[Start of Attachment]
(* If an $n$-Brinkhuis triple pair exists, then $s\ge 2^{1/(n-1)}$.
   Context: Let $\Sigma=\{0,1,2\}$. A word over $\Sigma$ is square-free if it cannot be written as $xyyz$ with $y$ nonempty. $\mathcal{A}(n)$ is the set of square-free words of length $n$ over $\Sigma$, $a(n)=|\mathcal{A}(n)|$, and $s=\lim_{n\to\infty}a(n)^{1/n}$ (this limit exists). An $n$-Brinkhuis triple pair consists of three sets $\mathcal{B}^{(0)},\mathcal{B}^{(1)},\mathcal{B}^{(2)}\subset\mathcal{A}(n)$. Each $\mathcal{B}^{(i)}=\{U^{(i)},V^{(i)}\}$ has two distinct square-free words of length $n$. The defining condition: for every square-free word $w_1w_2w_3\in\mathcal{A}(3)$ and every choice $W_j\in\mathcal{B}^{(w_j)}$ for $j=1,2,3$, the concatenation $W_1W_2W_3$ (of length $3n$) is square-free. *)

theory Defs
  imports Complex_Main
begin

definition square_free :: "nat list \<Rightarrow> bool" where
  "square_free w \<longleftrightarrow> \<not> (\<exists>x y z. y \<noteq> [] \<and> w = x @ y @ y @ z)"

definition sf_words :: "nat \<Rightarrow> nat list set" where
  "sf_words n = {w. length w = n \<and> set w \<subseteq> {0,1,2} \<and> square_free w}"

definition sf_count :: "nat \<Rightarrow> nat" where
  "sf_count n = card (sf_words n)"

text \<open>The growth rate s = lim a(n)^(1/n) (the limit exists).\<close>
definition sf_growth :: real where
  "sf_growth = lim (\<lambda>n. real (sf_count n) powr (1 / real n))"

definition brinkhuis_triple_pair :: "nat \<Rightarrow> (nat \<Rightarrow> nat list set) \<Rightarrow> bool" where
  "brinkhuis_triple_pair n B \<longleftrightarrow>
     (\<forall>i\<in>{0,1,2::nat}. B i \<subseteq> sf_words n \<and> card (B i) = 2) \<and>
     (\<forall>w\<in>sf_words 3. \<forall>W1\<in>B (w ! 0). \<forall>W2\<in>B (w ! 1). \<forall>W3\<in>B (w ! 2).
         square_free (W1 @ W2 @ W3))"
[End of Attachment]
Look through the entries above and copy each line that has "bool" in it.

definition square_free :: "nat list \<Rightarrow> bool" where
definition brinkhuis_triple_pair :: "nat \<Rightarrow> (nat \<Rightarrow> nat list set) \<Rightarrow> bool" where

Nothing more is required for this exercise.